NodeCollection tables = doc.GetChildNodes(NodeType.Table, true);
for (int i = 0; i < tables.Count; i++)
{
    Table table = (Table)tables[i];
    tempDoc.FirstSection.Body.AppendChild(tempDoc.ImportNode(table, true));
    Table importedTable = tempDoc.FirstSection.Body.Tables[0];

    ArrayList splitIndices = new ArrayList();
    int importedRowCount = importedTable.Rows.Count;

    LayoutCollector collector = new LayoutCollector(tempDoc);
    int startPage = collector.GetStartPageIndex(importedTable.FirstRow.FirstCell.FirstParagraph);
    int endPage = collector.GetEndPageIndex(importedTable.LastRow.LastCell.LastParagraph);

    if (endPage > startPage)
    {
        int startRow = startPage;
        for (int x = 0; x < importedRowCount; x++)
        {
            Row row = importedTable.Rows[x];
            int endRow = collector.GetEndPageIndex(row.LastCell.LastParagraph);

            if (endRow > startRow)
            {
                splitIndices.Add(x);
                startRow = endRow;
            }
        }

        splitIndices.Add(importedRowCount);

        for (int x = splitIndices.Count - 1; x > 0; x--)
        {
            SplitTable(importedTable, (int)splitIndices[x - 1], (int)splitIndices[x]);
        }

        for (int x = (int)splitIndices[0]; x < importedRowCount; x++)
        {
            importedTable.LastRow.Remove();
        }

        tempDoc.Save(MyDir + @"Tables\Table_" + i + ".docx");
    }

    tempDoc.FirstSection.Body.RemoveAllChildren();
}
////////////////////////////////////////////////
public static Table SplitTable(Table table, int startIndex, int endIndex)
{
    Table newTable = (Table)table.Clone(true);
    table.ParentNode.InsertAfter(newTable, table);

    for (int i = 0; i < startIndex; i++)
    {
        newTable.FirstRow.Remove();
    }

    for (int i = endIndex; i < table.Rows.Count; i++)
    {
        newTable.LastRow.Remove();
    }

    if (table.FirstRow.RowFormat.HeadingFormat)
    {
        Row headingRow = (Row)table.FirstRow.Clone(true);
        newTable.InsertBefore(headingRow, newTable.FirstRow);
    }

    Paragraph separator = new Paragraph(table.Document);
    table.ParentNode.InsertAfter(separator, table);

    return newTable;
}

PatrickVB · May 17, 2018, 12:40pm

Hi Awais,

Thank you very much for this code.
Sorry for asking a question before having even tried it, but does this code also take of the scenario as we have it with the second table.

That table has repeating headers.
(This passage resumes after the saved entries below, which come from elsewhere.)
(* Let $f_1,\dots,f_n:\mathbb{R}^d\to\mathbb{R}$ be continuously differentiable, where $f_i$ has ${\bm L}_i$-Lipschitz gradient with ${\bm L}_i\in\mathbb{S}^d_{++}$, and $f=\frac1n\sum_i f_i$. If ${\bm L}\in\mathbb{S}^d_{++}$ satisfies $${\bm L}\,\lambda_{\min}({\bm L})=\frac1n\sum_{i=1}^n\lambda_{\max}({\bm L}_i)\,{\bm L}_i,$$ then $f$ has ${\bm L}$-Lipschitz gradient.
   Context: $\mathbb{S}^d_{++}$: symmetric positive definite matrices; $\|x\|_{\bm M}^2:=x^\top{\bm M}x$; $\lambda_{\max},\lambda_{\min}$: largest/smallest eigenvalue. A differentiable $g$ has ${\bm L}$-Lipschitz gradient if $\|\nabla g(x)-\nabla g(y)\|_{{\bm L}^{-1}}\le\|x-y\|_{\bm L}$ for all $x,y\in\mathbb{R}^d$. *)

theory Defs
  imports "HOL-Analysis.Analysis"
begin

definition sym_pd :: "real^'n^'n \<Rightarrow> bool" where
  "sym_pd A \<longleftrightarrow> transpose A = A \<and> (\<forall>x. x \<noteq> 0 \<longrightarrow> x \<bullet> (A *v x) > 0)"

definition mnorm :: "real^'n^'n \<Rightarrow> real^'n \<Rightarrow> real" where
  "mnorm M x = sqrt (x \<bullet> (M *v x))"

definition eigvals :: "real^'n^'n \<Rightarrow> real set" where
  "eigvals A = {c. \<exists>v. v \<noteq> 0 \<and> A *v v = c *\<^sub>R v}"

definition lambda_max :: "real^'n^'n \<Rightarrow> real" where
  "lambda_max A = Max (eigvals A)"

definition lambda_min :: "real^'n^'n \<Rightarrow> real" where
  "lambda_min A = Min (eigvals A)"

definition cont_diff1 :: "(real^'n \<Rightarrow> real) \<Rightarrow> bool" where
  "cont_diff1 g \<longleftrightarrow> (\<exists>G. continuous_on UNIV G \<and>
      (\<forall>x. (g has_derivative (\<lambda>h. G x \<bullet> h)) (at x)))"

definition lipschitz_gradient :: "real^'n^'n \<Rightarrow> (real^'n \<Rightarrow> real) \<Rightarrow> bool" where
  "lipschitz_gradient L g \<longleftrightarrow> (\<exists>G. (\<forall>x. (g has_derivative (\<lambda>h. G x \<bullet> h)) (at x)) \<and>
      (\<forall>x y. mnorm (matrix_inv L) (G x - G y) \<le> mnorm L (x - y)))"

end

theory Submission
  imports Defs
begin

(* Write G for the average of gradients g_i of the f_i, evaluated at two points whose difference
   is D. The Lipschitz hypotheses give |g_i|^2 <= lambda_max(L_i) |g_i|^2_{L_i^-1}
   <= lambda_max(L_i) |D|^2_{L_i}, so by convexity of the squared norm |G|^2 is at most the
   average of these bounds, which by the defining identity of L equals lambda_min(L) |D|^2_L.
   Finally |G|^2_{L^-1} <= |G|^2 / lambda_min(L). The eigenvalue bounds come from the Rayleigh
   quotient: its maximum over the unit sphere is attained at an eigenvector. *)

lemma symmetric_inner_matrix_commute:
  fixes A :: "real^'n^'n"
  assumes "transpose A = A"
  shows "x \<bullet> (A *v y) = y \<bullet> (A *v x)"
  by (metis assms dot_lmul_matrix inner_commute transpose_matrix_vector)

lemma inner_matrix_add_scaleR:
  fixes A :: "real^'n^'n"
  shows "(v + t *\<^sub>R w) \<bullet> (A *v (v + t *\<^sub>R w)) =
    v \<bullet> (A *v v) + t * (v \<bullet> (A *v w)) + t * (w \<bullet> (A *v v)) + t^2 * (w \<bullet> (A *v w))"
  by (simp add: matrix_vector_right_distrib matrix_vector_mult_scaleR power2_eq_square
      algebra_simps)

lemma inner_matrix_sum_scaleR:
  fixes M :: "'i \<Rightarrow> real^'n^'n"
  shows "x \<bullet> ((\<Sum>i\<in>I. c i *\<^sub>R M i) *v x) = (\<Sum>i\<in>I. c i * (x \<bullet> (M i *v x)))"
proof (induction I rule: infinite_finite_induct)
  case empty
  then show ?case by (simp add: matrix_vector_mult_def inner_vec_def)
next
  case (insert i I)
  then show ?case
    by (simp add: matrix_vector_mult_add_rdistrib inner_add_right scaleR_matrix_vector_assoc[symmetric])
qed simp

lemma uminus_matrix_vector_mult:
  fixes A :: "real^'n^'m"
  shows "(- A) *v x = - (A *v x)"
  by (simp add: matrix_vector_mult_def vec_eq_iff sum_negf)

lemma eigvals_uminus: "eigvals (- A) = uminus ` eigvals A"
  by (auto simp: eigvals_def uminus_matrix_vector_mult image_iff)
    (metis minus_minus scaleR_minus_left)+

lemma rayleigh_bound_attained_imp_eigenvector:
  fixes A :: "real^'n^'n"
  assumes sym: "transpose A = A"
    and bound: "\<And>x. x \<bullet> (A *v x) \<le> \<mu> * (x \<bullet> x)"
    and attained: "v \<bullet> (A *v v) = \<mu> * (v \<bullet> v)"
  shows "A *v v = \<mu> *\<^sub>R v"
proof (rule ccontr)
  define w where "w = \<mu> *\<^sub>R v - A *v v"
  define q where "q z = \<mu> * (z \<bullet> z) - z \<bullet> (A *v z)" for z
  assume "A *v v \<noteq> \<mu> *\<^sub>R v"
  then have w_pos: "w \<bullet> w > 0" by (simp add: w_def)
  have q_nonneg: "q z \<ge> 0" for z using bound[of z] by (simp add: q_def)
  have "q (v + t *\<^sub>R w) = q v + 2 * t * (w \<bullet> (\<mu> *\<^sub>R v - A *v v)) + t^2 * q w" for t
    using symmetric_inner_matrix_commute[OF sym, of v w]
    by (simp add: q_def inner_matrix_add_scaleR inner_commute algebra_simps power2_eq_square)
  then have q_line: "q (v + t *\<^sub>R w) = 2 * t * (w \<bullet> w) + t^2 * q w" for t
    using attained by (simp add: q_def w_def)
  \<comment> \<open>v minimises q \<ge> 0, yet q decreases from v in the direction -w.\<close>
  define t where "t = - (w \<bullet> w) / (q w + 1)"
  have "2 * t * (w \<bullet> w) + t^2 * q w = (w \<bullet> w)^2 * (- q w - 2) / (q w + 1)^2"
    using q_nonneg[of w] by (simp add: t_def divide_simps power2_eq_square) (simp add: algebra_simps)
  also have "\<dots> < 0"
    using w_pos q_nonneg[of w] by (intro divide_neg_pos mult_pos_neg) auto
  finally show False using q_nonneg[of "v + t *\<^sub>R w"] q_line[of t] by linarith
qed

lemma symmetric_rayleigh_max_eigenvector:
  fixes A :: "real^'n^'n"
  assumes sym: "transpose A = A"
  obtains \<mu> v where "v \<noteq> 0" "A *v v = \<mu> *\<^sub>R v" "\<And>x. x \<bullet> (A *v x) \<le> \<mu> * (x \<bullet> x)"
proof -
  have "\<exists>v\<in>sphere 0 1. \<forall>y\<in>sphere 0 1. y \<bullet> (A *v y) \<le> v \<bullet> (A *v v)"
    by (rule continuous_attains_sup)
      (auto intro!: continuous_on_inner[OF continuous_on_id
        linear_continuous_on[OF matrix_vector_mul_bounded_linear]])
  then obtain v where v1: "norm v = 1"
    and v_max: "\<And>y. norm y = 1 \<Longrightarrow> y \<bullet> (A *v y) \<le> v \<bullet> (A *v v)"
    by auto
  define \<mu> where "\<mu> = v \<bullet> (A *v v)"
  have bound: "x \<bullet> (A *v x) \<le> \<mu> * (x \<bullet> x)" for x
  proof (cases "x = 0")
    case False
    define y where "y = (1 / norm x) *\<^sub>R x"
    have "(x \<bullet> (A *v x)) / (norm x)^2 = y \<bullet> (A *v y)"
      by (simp add: y_def matrix_vector_mult_scaleR power2_eq_square)
    also have "\<dots> \<le> \<mu>"
      using v_max[of y] False by (simp add: y_def \<mu>_def)
    finally show ?thesis
      using False by (simp add: divide_le_eq power2_norm_eq_inner mult.commute)
  qed simp
  have "v \<bullet> (A *v v) = \<mu> * (v \<bullet> v)"
    using v1 by (simp add: \<mu>_def norm_eq_sqrt_inner)
  then have "A *v v = \<mu> *\<^sub>R v"
    using rayleigh_bound_attained_imp_eigenvector[OF sym bound] by blast
  moreover have "v \<noteq> 0" using v1 by auto
  ultimately show thesis using that bound by blast
qed

lemma symmetric_eigenvectors_orthogonal:
  fixes A :: "real^'n^'n"
  assumes sym: "transpose A = A"
    and u: "A *v u = c *\<^sub>R u" and v: "A *v v = d *\<^sub>R v" and "c \<noteq> d"
  shows "u \<bullet> v = 0"
proof -
  have "c * (u \<bullet> v) = v \<bullet> (A *v u)" using u by (simp add: inner_commute)
  also have "\<dots> = u \<bullet> (A *v v)" by (rule symmetric_inner_matrix_commute[OF sym])
  also have "\<dots> = d * (u \<bullet> v)" using v by simp
  finally show ?thesis using \<open>c \<noteq> d\<close> by simp
qed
This header should be present in each of the individual tables.

Many thanks
Patrick

awais.hafeez · May 18, 2018, 12:01am

@PatrickVB,

Yes, it does add headers to all individual tables.

PatrickVB · May 19, 2018, 1:24pm

Hi Awais,

I just wonder if it is not saver/easier to create a new Document instead of cloning.
In the above code sample, you only remove the nodes for the first section. If the document would have more sections the result would not be correct.

What was the reason for the clone? Was this to ensure that certain settings are kept (eg page size etc)?
Is this a general best practices when dealing with operations on Documents, to clone them and then to remove what is not relevant?

Many thanks for the support.

Regards

Patrick

PatrickVB · May 19, 2018, 3:23pm

Hi Awais,

THe solution provided works perfect. Thanks a lot for the support.

Patrick

awais.hafeez · May 19, 2018, 10:00pm

@PatrickVB,

For this case, you will have to keep only the section that contains the target table. And remove the other sections above and below that particular section.

Your understanding is correct. This is just to preserve settings e.g. styles, themes, page setup, orientation info etc.

In case you have further queries or need any help, please let us know.